Hirnverletzung bringt den Rhythmus des Gedächtnisses aus dem Takt
Nach einer Gehirnerschütterung oder einer schwereren Hirnverletzung kämpfen viele Menschen mit anhaltenden Gedächtnisproblemen. Forschende haben nun kartiert, welche Hirnsignale dabei gestört sind. Die Ergebnisse verweisen auf konkrete Ansatzpunkte für die Behandlung.
Traumatische Hirnverletzungen (TBI) hinterlassen bei vielen Betroffenen dauerhafte Beeinträchtigungen des Lernens und des Gedächtnisses. Über die genauen elektrophysiologischen Störungen, die diesen Problemen zugrunde liegen, war bislang wenig bekannt.
Die Forschenden setzten hochdichte Elektroden ein, um die Hirnaktivität von Ratten nach einer experimentell induzierten Hirnverletzung detailliert zu messen. Ihr Fokus lag auf dem Hippocampus, der Hirnregion, die für die Gedächtnisbildung unverzichtbar ist. Die Ergebnisse wurden in eLife veröffentlicht.

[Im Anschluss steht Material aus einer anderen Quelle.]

(* For $n\ge3$: $\mathrm{St}(\mathfrak a_0(n))=\{I,X\}^{\otimes n}\cup\{Y,Z\}^{\otimes n}$; $\mathrm{St}(\mathfrak a_2(n))=\{P_I,P_{XY},P_{YX},P_Z\}$; $\mathrm{St}(\mathfrak a_3(n))=\mathrm{St}(\mathfrak a_6(n))=\{P_I,P_X,P_{YZ},P_{ZY}\}$; $\mathrm{St}(\mathfrak a_4(n))=\mathrm{St}(\mathfrak a_7(n))=\{P_I,P_X,P_Y,P_Z\}$; $\mathrm{St}(\mathfrak a_5(n))=\mathrm{St}(\mathfrak a_{10}(n))=\{P_I,P_{XYZ},P_{YZX},P_{ZXY}\}$; $\mathrm{St}(\mathfrak a_8(n))=\{P_I,P_Y,X_1,ZY\cdots Y\}$ (the last being $Z$ followed by $n-1$ copies of $Y$); $\mathrm{St}(\mathfrak a_9(n))=\{P_I,X_1,Y_1X_2,Z_1X_2\}$; $\mathrm{St}(\mathfrak a_{13}(n))=\mathrm{St}(\mathfrak a_{20}(n))=\{P_I,P_X\}$; $\mathrm{St}(\mathfrak a_{14}(n))=\{P_I,P_Z\}$; $\mathrm{St}(\mathfrak a_{15}(n))=\mathrm{St}(\mathfrak b_2(n))=\mathrm{St}(\mathfrak b_4(n))=\{P_I,X_1\}$; $\mathrm{St}(\mathfrak b_0(n))=\mathrm{St}(\mathfrak b_1(n))=\{I,X\}^{\otimes n}$; $\mathrm{St}(\mathfrak a_k(n))=\mathrm{St}(\mathfrak b_3(n))=\{P_I\}$ for $k\in\{11,12,16,17,18,19,21,22\}$.
   Context: Pauli matrices $I,X,Y,Z$; $\mathcal P_n$ is the set of length-$n$ Pauli strings $A^1\otimes\cdots\otimes A^n$, $A^j\in\{I,X,Y,Z\}$. $A_j$ denotes $A$ at position $j$ and $I$ elsewhere; $A_iB_j$ the string with $A$ at $i$, $B$ at $j$, $I$ elsewhere. For a word $w$ over $\{I,X,Y,Z\}$, $P_w\in\mathcal P_n$ is the periodic repetition $www\cdots$ truncated to length $n$ (e.g. $P_I=I^{\otimes n}$, $P_X=X^{\otimes n}$, $P_{YZ}=YZYZ\cdots$). The stabilizer $\mathrm{St}(\mathfrak s)$ of a set $\mathfrak s$ of matrices is the set of all $P\in\mathcal P_n$ commuting with every element of $\mathfrak s$. For a set $S$ of Pauli strings, $\mathrm{Lie}\langle S\rangle$ is the smallest real Lie subalgebra of $\mathfrak u(2^n)$ containing $\{iP:P\in S\}$; for a set $G$ of two-qubit strings, $G(n)=\mathrm{Lie}\langle A_jB_{j+1}: AB\in G,1\le j\le n-1\rangle$. Generating sets: $\mathfrak a_0=\{XX\}$, $\mathfrak a_2=\{XY,YX\}$, $\mathfrak a_3=\{XX,YZ\}$, $\mathfrak a_4=\{XX,YY\}$, $\mathfrak a_5=\{XY,YZ\}$, $\mathfrak a_6=\{XX,YZ,ZY\}$, $\mathfrak a_7=\{XX,YY,ZZ\}$, $\mathfrak a_8=\{XX,XZ\}$, $\mathfrak a_9=\{XY,XZ\}$, $\mathfrak a_{10}=\{XY,YZ,ZX\}$, $\mathfrak a_{11}=\{XY,YX,YZ\}$, $\mathfrak a_{12}=\{XX,XY,YZ\}$, $\mathfrak a_{13}=\{XX,YY,YZ\}$, $\mathfrak a_{14}=\{XX,YY,XY\}$, $\mathfrak a_{15}=\{XX,XY,XZ\}$, $\mathfrak a_{16}=\{XY,YX,YZ,ZY\}$, $\mathfrak a_{17}=\{XX,XY,ZX\}$, $\mathfrak a_{18}=\{XX,XZ,YY,ZY\}$, $\mathfrak a_{19}=\{XX,XY,ZX,YZ\}$, $\mathfrak a_{20}=\{XX,YY,ZZ,ZY\}$, $\mathfrak a_{21}=\{XX,YY,XY,ZX\}$, $\mathfrak a_{22}=\{XX,XY,XZ,YX\}$, $\mathfrak b_0=\{XI,IX\}$, $\mathfrak b_1=\{XX,XI,IX\}$, $\mathfrak b_2=\{XY,XI,IX\}$, $\mathfrak b_3=\{XI,YI,IX,IY\}$, $\mathfrak b_4=\{XX,XY,XI,IX\}$. *)

theory Defs
  imports Complex_Main "Jordan_Normal_Form.Matrix"
begin

datatype pauli = PI | PX | PY | PZ

fun pauli_entry :: "pauli \<Rightarrow> nat \<Rightarrow> nat \<Rightarrow> complex" where
  "pauli_entry PI r c = (if r = c then 1 else 0)"
| "pauli_entry PX r c = (if r \<noteq> c then 1 else 0)"
| "pauli_entry PY r c = (if r = c then 0 else if r = 0 then - \<i> else \<i>)"
| "pauli_entry PZ r c = (if r \<noteq> c then 0 else if r = 0 then 1 else -1)"

text \<open>A Pauli string of length n is a list of length n; its matrix is the
  Kronecker product A^1 \<otimes> ... \<otimes> A^n, a 2^n x 2^n complex matrix, where
  position j (0-based) corresponds to the binary digit of weight 2^(n-1-j).\<close>
definition bitj :: "nat \<Rightarrow> nat \<Rightarrow> nat \<Rightarrow> nat" where
  "bitj n j r = (r div 2 ^ (n - 1 - j)) mod 2"

definition pmat :: "pauli list \<Rightarrow> complex mat" where
  "pmat w = (let n = length w in
     mat (2 ^ n) (2 ^ n)
       (\<lambda>(r, c). \<Prod>j<n. pauli_entry (w ! j) (bitj n j r) (bitj n j c)))"

definition pauli_strings :: "nat \<Rightarrow> pauli list set" where
  "pauli_strings n = {w. length w = n}"
lemma homotopic_imp_fence:
  assumes "finite (topspace X)" "finite (topspace Y)" "homotopic_with (\<lambda>_. True) X Y p q"
  shows "fence (topspace X) (fin_leq X) (topspace Y) (fin_leq Y) p q"
proof -
  obtain H where H: "continuous_map (prod_topology (top_of_set {0..1::real}) X) Y H"
    and H0: "\<forall>x\<in>topspace X. H (0, x) = p x" and H1: "\<forall>x\<in>topspace X. H (1, x) = q x"
    using assms(3) by (auto simp: homotopic_with)
  define h where "h t = (\<lambda>x. H (t, x))" for t
  let ?fence = "fence (topspace X) (fin_leq X) (topspace Y) (fin_leq Y)"
  have h: "mono_map (topspace X) (fin_leq X) (topspace Y) (fin_leq Y) (h t)" if "t \<in> {0..1}" for t
    unfolding h_def using continuous_map_mono_map[OF assms(2) continuous_map_o_Pair[OF H]] that
    by (simp add: o_def)
  have "?fence (h 0) (h 1)"
  proof (rule connected_equivalence_relation[of "{0..1}"])
    fix t :: real assume t: "t \<in> {0..1}"
    obtain U where U: "openin (top_of_set {0..1}) U" "t \<in> U"
      "\<forall>s\<in>U. \<forall>x\<in>topspace X. fin_leq Y (H (s, x)) (H (t, x))"
      using homotopy_locally_below[OF assms(1,2) H t] by blast
    have "?fence (h t) (h s)" if "s \<in> U" for s
      using U(3) that h[OF t] h[of s] openin_imp_subset[OF U(1)]
      by (intro r_into_rtranclp) (auto simp: comparable_maps_def h_def)
    then show "\<exists>U. openin (top_of_set {0..1}) U \<and> t \<in> U \<and> (\<forall>s\<in>U. ?fence (h t) (h s))"
      using U(1,2) by blast
  qed (auto intro: fence_sym rtranclp_trans)
  moreover have "comparable_maps (topspace X) (fin_leq X) (topspace Y) (fin_leq Y) p (h 0)"
    "comparable_maps (topspace X) (fin_leq X) (topspace Y) (fin_leq Y) (h 1) q"
    using H0 H1 h[of 0] h[of 1] continuous_map_mono_map[OF assms(2)]
      homotopic_with_imp_continuous_maps[OF assms(3)]
    by (auto simp: comparable_maps_def h_def fin_leq_def)
  ultimately show ?thesis
    by (meson converse_rtranclp_into_rtranclp rtranclp.rtrancl_into_rtrancl)
qed
(* Let $X=(X_n)_{n\in\mathbb{Z}}$ be a stationary sequence of integer-valued random variables. If almost surely $0$ has infinitely many ancestors in the record graph of $X$, then the record graph of $X$ is almost surely connected.
   Context: For a sequence $x=(x_n)_{n\in\mathbb{Z}}$, the record map is $R_x(i)=\inf\{n>i: \sum_{l=i}^{n-1}x_l\ge0\}$ if this set is nonempty, and $R_x(i)=i$ otherwise. The record graph has vertex set $\mathbb{Z}$ and a directed edge $i\to R_x(i)$ whenever $R_x(i)\ne i$; connectivity is in the undirected sense. An ancestor of order $n\ge1$ of $i$ is $R_x^n(i)$ when $R_x^n(i)\neq i$; "infinitely many ancestors" means $R^n_x(i)\ne i$ for all $n\ge1$ (equivalently $R^{n+1}_x(i)>R^n_x(i)$ for all $n\ge 0$). *)

theory Defs
  imports "HOL-Probability.Probability"
begin

definition record_map :: "(int \<Rightarrow> int) \<Rightarrow> int \<Rightarrow> int" where
  "record_map x i =
     (if {n. n > i \<and> (\<Sum>l\<in>{i..<n}. x l) \<ge> 0} \<noteq> {}
      then (LEAST n. n > i \<and> (\<Sum>l\<in>{i..<n}. x l) \<ge> 0) else i)"

definition record_edges :: "(int \<Rightarrow> int) \<Rightarrow> (int \<times> int) set" where
  "record_edges x = {(i, record_map x i) | i. record_map x i \<noteq> i}"

definition record_graph_connected :: "(int \<Rightarrow> int) \<Rightarrow> bool" where
  "record_graph_connected x \<longleftrightarrow>
     (\<forall>i j. (i, j) \<in> (record_edges x \<union> (record_edges x)\<inverse>)\<^sup>*)"

definition inf_many_ancestors :: "(int \<Rightarrow> int) \<Rightarrow> int \<Rightarrow> bool" where
  "inf_many_ancestors x i \<longleftrightarrow> (\<forall>n::nat. n \<ge> 1 \<longrightarrow> (record_map x ^^ n) i \<noteq> i)"

definition stationary_int_seq :: "'a measure \<Rightarrow> (int \<Rightarrow> 'a \<Rightarrow> int) \<Rightarrow> bool" where
  "stationary_int_seq M X \<longleftrightarrow>
     distr M (PiM UNIV (\<lambda>_. count_space UNIV)) (\<lambda>\<omega> n. X (n + 1) \<omega>)
   = distr M (PiM UNIV (\<lambda>_. count_space UNIV)) (\<lambda>\<omega> n. X n \<omega>)"

end

theory Submission
  imports Defs
begin

text \<open>
  Since \<open>R(0) \<noteq> 0\<close> almost surely, stationarity gives \<open>R(k) \<noteq> k\<close>, i.e. \<open>R(k) > k\<close>, almost
  surely for every \<open>k\<close> simultaneously. The rest is deterministic: records are nested, because
  for \<open>i < j < R(i)\<close> the sum from \<open>i\<close> to \<open>j\<close> is negative, so the sum from \<open>j\<close> to \<open>R(i)\<close> is
  nonnegative and \<open>R(j) \<le> R(i)\<close>. Following the record map from \<open>i + 1\<close> therefore lands exactly
  on \<open>R(i)\<close>, which links \<open>i\<close> to \<open>i + 1\<close> in the record graph.
\<close>

definition has_record :: "(int \<Rightarrow> int) \<Rightarrow> int \<Rightarrow> bool" where
  "has_record x i \<longleftrightarrow> (\<exists>n>i. 0 \<le> (\<Sum>l\<in>{i..<n}. x l))"

lemma LeastI2_int_bounded_below:
  fixes P :: "int \<Rightarrow> bool"
  assumes "P n" and bounded: "\<And>m. P m \<Longrightarrow> b \<le> m"
    and "\<And>k. P k \<Longrightarrow> \<forall>m. P m \<longrightarrow> k \<le> m \<Longrightarrow> Q k"
  shows "Q (LEAST m. P m)"
proof -
  define S where "S = {m. P m \<and> m \<le> n}"
  have "finite S" "n \<in> S"
    using assms(1) bounded by (auto simp: S_def intro: finite_subset[of _ "{b..n}"])
  then have "P (Min S)"
    using Min_in[of S] by (auto simp: S_def)
  moreover have "Min S \<le> m" if "P m" for m
  proof (cases "m \<le> n")
    case False
    then show ?thesis
      using Min_le[OF \<open>finite S\<close> \<open>n \<in> S\<close>] by simp
  qed (use Min_le[OF \<open>finite S\<close>] that in \<open>simp add: S_def\<close>)
  ultimately show ?thesis
    using assms(3) by (rule LeastI2_order)
qed

lemma sum_int_interval_split:
  fixes i j n :: int
  shows "i \<le> j \<Longrightarrow> j \<le> n \<Longrightarrow> sum x {i..<n} = sum x {i..<j} + sum x {j..<n}"
  by (simp add: sum.union_disjoint[symmetric] ivl_disj_un ivl_disj_int)

lemma record_map_record:
  assumes "has_record x i"
  shows record_map_gt: "i < record_map x i"
    and record_map_sum_nonneg: "0 \<le> sum x {i..<record_map x i}"
    and record_map_least: "\<And>m. i < m \<Longrightarrow> m < record_map x i \<Longrightarrow> sum x {i..<m} < 0"
proof -
  let ?P = "\<lambda>n. i < n \<and> 0 \<le> sum x {i..<n}"
  have "record_map x i = (LEAST n. ?P n)"
    using assms unfolding record_map_def has_record_def by auto
  moreover obtain n where "?P n"
    using assms unfolding has_record_def by auto
  then have "?P (LEAST n. ?P n) \<and> (\<forall>m. ?P m \<longrightarrow> (LEAST n. ?P n) \<le> m)"
    by (rule LeastI2_int_bounded_below[where b = i]) auto
  ultimately show "i < record_map x i" "0 \<le> sum x {i..<record_map x i}"
    "\<And>m. i < m \<Longrightarrow> m < record_map x i \<Longrightarrow> sum x {i..<m} < 0"
    by force+
qed

lemma record_map_eq_self_iff: "record_map x i = i \<longleftrightarrow> \<not> has_record x i"
proof (cases "has_record x i")
  case False
  then show ?thesis
    unfolding record_map_def has_record_def by auto
qed (use record_map_gt in force)

lemma record_map_nested:
  assumes "has_record x i" "i < j" "j < record_map x i"
  shows "has_record x j" and "record_map x j \<le> record_map x i"
proof -
  have "sum x {i..<record_map x i} = sum x {i..<j} + sum x {j..<record_map x i}"
    using assms(2,3) by (intro sum_int_interval_split) auto
  moreover have "sum x {i..<j} < 0"
    using record_map_least[OF assms] .
  ultimately have nonneg: "0 \<le> sum x {j..<record_map x i}"
    using record_map_sum_nonneg[OF assms(1)] by linarith
  then show j: "has_record x j"
    unfolding has_record_def using assms(3) by auto
  show "record_map x j \<le> record_map x i"
    using record_map_least[OF j, of "record_map x i"] nonneg assms(3) by force
qed

lemma record_edge: "has_record x i \<Longrightarrow> (i, record_map x i) \<in> record_edges x"
  unfolding record_edges_def by (auto simp: record_map_eq_self_iff)

lemma record_edges_path_to_record_map:
  assumes all: "\<And>k. has_record x k" and "i < j" "j \<le> record_map x i"
  shows "(j, record_map x i) \<in> (record_edges x)\<^sup>*"
  using assms(2,3)
proof (induction "nat (record_map x i - j)" arbitrary: j rule: less_induct)
  case less
  show ?case
  proof (cases "j = record_map x i")
    case False
    then have "record_map x j \<le> record_map x i"
      using record_map_nested(2)[OF all] less.prems by force
    moreover have "j < record_map x j"
      using record_map_gt[OF all] .
    ultimately have "(record_map x j, record_map x i) \<in> (record_edges x)\<^sup>*"
      using less by auto
    with record_edge[OF all, of j] show ?thesis
      by (rule converse_rtrancl_into_rtrancl)
  qed simp
qed

lemma record_graph_connectedI:
  assumes all: "\<And>k. has_record x k"
  shows "record_graph_connected x"
proof -
  define U where "U = (record_edges x \<union> (record_edges x)\<inverse>)\<^sup>*"
  have "sym U"
    unfolding U_def by (intro sym_rtrancl sym_Un_converse)
  have paths: "(record_edges x)\<^sup>* \<subseteq> U"
    unfolding U_def by (intro rtrancl_mono) auto
  have neighbours: "(i, i + 1) \<in> U" for i
  proof -
    have "(i, record_map x i) \<in> U"
      using record_edge[OF all] paths by blast
    moreover have "(i + 1, record_map x i) \<in> U"
      using record_edges_path_to_record_map[OF all, of i "i + 1"] record_map_gt[OF all, of i] paths
      by auto
    ultimately show ?thesis
      using \<open>sym U\<close> unfolding U_def by (meson rtrancl_trans symD)
  qed
  have upwards: "(i, j) \<in> U" if "i \<le> j" for i j
    using that
  proof (induction j rule: int_ge_induct)
    case (step j)
    then show ?case
      using neighbours unfolding U_def by (meson rtrancl_trans)
  qed (simp add: U_def)
  show ?thesis
    unfolding record_graph_connected_def U_def[symmetric]
    using upwards \<open>sym U\<close> by (meson linear symD)
qed

lemma has_record_shift: "has_record (\<lambda>n. x (n + m)) k \<longleftrightarrow> has_record x (k + m)"
proof -
  have sums: "(\<Sum>l\<in>{k..<n}. x (l + m)) = sum x {k + m..<n + m}" for n
  proof -
    have "(\<lambda>l. l + m) ` {k..<n} = {k + m..<n + m}"
      by (auto simp: image_iff intro!: exI[of _ "_ - m"])
    then show ?thesis
      using sum.reindex[of "\<lambda>l. l + m" "{k..<n}" x] by (simp add: o_def)
  qed
  show ?thesis
    unfolding has_record_def sums
    by (metis add.commute add_less_cancel_left diff_add_cancel)
qed

abbreviation int_seqs :: "(int \<Rightarrow> int) measure" where
  "int_seqs \<equiv> PiM UNIV (\<lambda>_. count_space UNIV)"

lemma measurable_sum_coordinates:
  "finite S \<Longrightarrow> (\<lambda>x. sum x S) \<in> int_seqs \<rightarrow>\<^sub>M count_space UNIV"
proof (induction S rule: finite_induct)
  case (insert a S)
  have "(\<lambda>x. (x a, sum x S)) \<in> int_seqs \<rightarrow>\<^sub>M count_space UNIV \<Otimes>\<^sub>M count_space UNIV"
    using insert.IH by (intro measurable_Pair) (auto simp: measurable_component_singleton)
  moreover have "(\<lambda>(u, v). u + v) \<in>
      (count_space UNIV \<Otimes>\<^sub>M count_space UNIV) \<rightarrow>\<^sub>M (count_space UNIV :: int measure)"
    by (simp add: pair_measure_countable)
  ultimately show ?case
    using insert.hyps by (simp add: measurable_compose[where g = "\<lambda>(u, v). u + v"])
qed simp

lemma sets_has_record: "{x \<in> space int_seqs. has_record x k} \<in> sets int_seqs"
proof -
  have "{x \<in> space int_seqs. 0 \<le> sum x {k..<n}} \<in> sets int_seqs" for n
    using measurable_sum_coordinates[of "{k..<n}"] by measurable
  moreover have "{x \<in> space int_seqs. has_record x k}
      = (\<Union>n\<in>{k<..}. {x \<in> space int_seqs. 0 \<le> sum x {k..<n}})"
    unfolding has_record_def by auto
  ultimately show ?thesis
    by auto
qed

lemma measurable_shifted_seq:
  "(\<And>n. X n \<in> M \<rightarrow>\<^sub>M count_space UNIV) \<Longrightarrow> (\<lambda>\<omega> n. X (n + c) \<omega>) \<in> M \<rightarrow>\<^sub>M int_seqs"
  by (rule measurable_PiM_single') auto

lemma measurable_shift: "(\<lambda>y n. y (n + c)) \<in> int_seqs \<rightarrow>\<^sub>M int_seqs"
  by (rule measurable_PiM_single') (auto simp: measurable_component_singleton)

lemma stationary_distr_shift:
  assumes meas: "\<And>n. X n \<in> M \<rightarrow>\<^sub>M count_space UNIV"
    and stat: "stationary_int_seq M X"
  shows "distr M int_seqs (\<lambda>\<omega> n. X (n + int m) \<omega>) = distr M int_seqs (\<lambda>\<omega> n. X n \<omega>)"
proof (induction m)
  case (Suc m)
  let ?shift = "\<lambda>y n. y (n + int m)"
  have "distr M int_seqs (\<lambda>\<omega> n. X (n + int (Suc m)) \<omega>)
      = distr M int_seqs (?shift \<circ> (\<lambda>\<omega> n. X (n + 1) \<omega>))"
    by (simp add: o_def add.commute add.left_commute)
  also have "\<dots> = distr (distr M int_seqs (\<lambda>\<omega> n. X (n + 1) \<omega>)) int_seqs ?shift"
    by (rule distr_distr[symmetric]) (auto intro: measurable_shift measurable_shifted_seq meas)
  also have "\<dots> = distr (distr M int_seqs (\<lambda>\<omega> n. X n \<omega>)) int_seqs ?shift"
    using stat unfolding stationary_int_seq_def by simp
  also have "\<dots> = distr M int_seqs (?shift \<circ> (\<lambda>\<omega> n. X n \<omega>))"
    using measurable_shifted_seq[OF meas, where c = 0]
    by (intro distr_distr) (auto intro: measurable_shift)
  finally show ?case
    using Suc by (simp add: o_def)
qed simp

lemma stationary_AE_shift_iff:
  assumes meas: "\<And>n. X n \<in> M \<rightarrow>\<^sub>M count_space UNIV"
    and stat: "stationary_int_seq M X"
    and P: "{y \<in> space int_seqs. P y} \<in> sets int_seqs"
  shows "(AE \<omega> in M. P (\<lambda>n. X (n + int m) \<omega>)) \<longleftrightarrow> (AE \<omega> in M. P (\<lambda>n. X n \<omega>))"
proof -
  have "(AE \<omega> in M. P (\<lambda>n. X (n + int m) \<omega>))
      \<longleftrightarrow> (AE y in distr M int_seqs (\<lambda>\<omega> n. X (n + int m) \<omega>). P y)"
    using measurable_shifted_seq[OF meas] P by (intro AE_distr_iff[symmetric]) auto
  also have "\<dots> \<longleftrightarrow> (AE y in distr M int_seqs (\<lambda>\<omega> n. X n \<omega>). P y)"
    by (simp only: stationary_distr_shift[OF meas stat])
  also have "\<dots> \<longleftrightarrow> (AE \<omega> in M. P (\<lambda>n. X n \<omega>))"
    using measurable_shifted_seq[OF meas, where c = 0] P by (intro AE_distr_iff) auto
  finally show ?thesis .
qed

lemma stationary_AE_has_record:
  assumes meas: "\<And>n. X n \<in> M \<rightarrow>\<^sub>M count_space UNIV"
    and stat: "stationary_int_seq M X"
    and record0: "AE \<omega> in M. has_record (\<lambda>n. X n \<omega>) 0"
  shows "AE \<omega> in M. has_record (\<lambda>n. X n \<omega>) k"
proof -
  have "(AE \<omega> in M. has_record (\<lambda>n. X n \<omega>) (j + int m)) \<longleftrightarrow> (AE \<omega> in M. has_record (\<lambda>n. X n \<omega>) j)"
    for j m
    using stationary_AE_shift_iff[OF meas stat sets_has_record[of j], of m]
      has_record_shift[of "\<lambda>n. X n _"] by simp
  from this[where j = 0 and m = "nat k"] this[where j = k and m = "nat (- k)"] record0 show ?thesis
    by (cases "0 \<le> k") simp_all
qed

theorem lemma3p4:
  fixes M :: "'a measure" and X :: "int \<Rightarrow> 'a \<Rightarrow> int"
  assumes "prob_space M"
    and "\<And>n. X n \<in> measurable M (count_space UNIV)"
    and "stationary_int_seq M X"
    and "AE \<omega> in M. inf_many_ancestors (\<lambda>n. X n \<omega>) 0"
  shows "AE \<omega> in M. record_graph_connected (\<lambda>n. X n \<omega>)"
proof -
  have "AE \<omega> in M. has_record (\<lambda>n. X n \<omega>) 0"
    using assms(4) by eventually_elim
      (auto simp: inf_many_ancestors_def record_map_eq_self_iff dest: spec[of _ 1])
  then have "AE \<omega> in M. has_record (\<lambda>n. X n \<omega>) k" for k
    using stationary_AE_has_record[OF assms(2,3)] by blast
  then have "AE \<omega> in M. \<forall>k. has_record (\<lambda>n. X n \<omega>) k"
    by (simp add: AE_all_countable)
  then show ?thesis
    by eventually_elim (intro record_graph_connectedI, blast)
qed

end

Gestörte Kopplung zwischen Hirnwellen
Normales Gedächtnisspeichern setzt die Koordination zweier Arten von Hirnwellen voraus. Theta-Wellen sind langsame, rhythmische Schwingungen, die bei der Navigation und beim Gedächtnisabruf aktiv sind. Gamma-Wellen sind schnellere Schwingungen, die detaillierte Informationen kodieren. Unter normalen Bedingungen sind beide miteinander verknüpft: Gamma-Wellen schmiegen sich in die Täler der Theta-Wellen ein. Bei verletzten Ratten war diese Kopplung – fachsprachlich als Phasen-Amplituden-Kopplung bezeichnet – im Hippocampus deutlich vermindert. Auch die Synchronisation der Neuronen mit der Hintergrundaktivität war in den verletzten Gehirnen schwächer ausgeprägt.
Konkrete Ansätze für die Therapie
Die Studie zeigte zudem, dass sogenannte Sharp-Wave-Ripples – kurze Gedächtniskonsolidierungsschübe, die in Ruhephasen auftreten – bei verletzten Ratten abgeschwächt waren. Zusammengenommen beschreiben diese drei Störungen ein Hirnnetzwerk, das seinen zeitlichen Takt verloren hat. Die Forschenden schlagen vor, dass gezielte Hirnstimulation zur Wiederherstellung der normalen Synchronisation ein vielversprechender Behandlungsansatz sein könnte. Ob dies beim Menschen funktioniert, muss in klinischen Studien geklärt werden. Aus Longevity-Perspektive ist die Studie relevant, da TBI-bedingter kognitiver Abbau sich teilweise mit altersbedingten Gedächtniseinbußen überschneidet.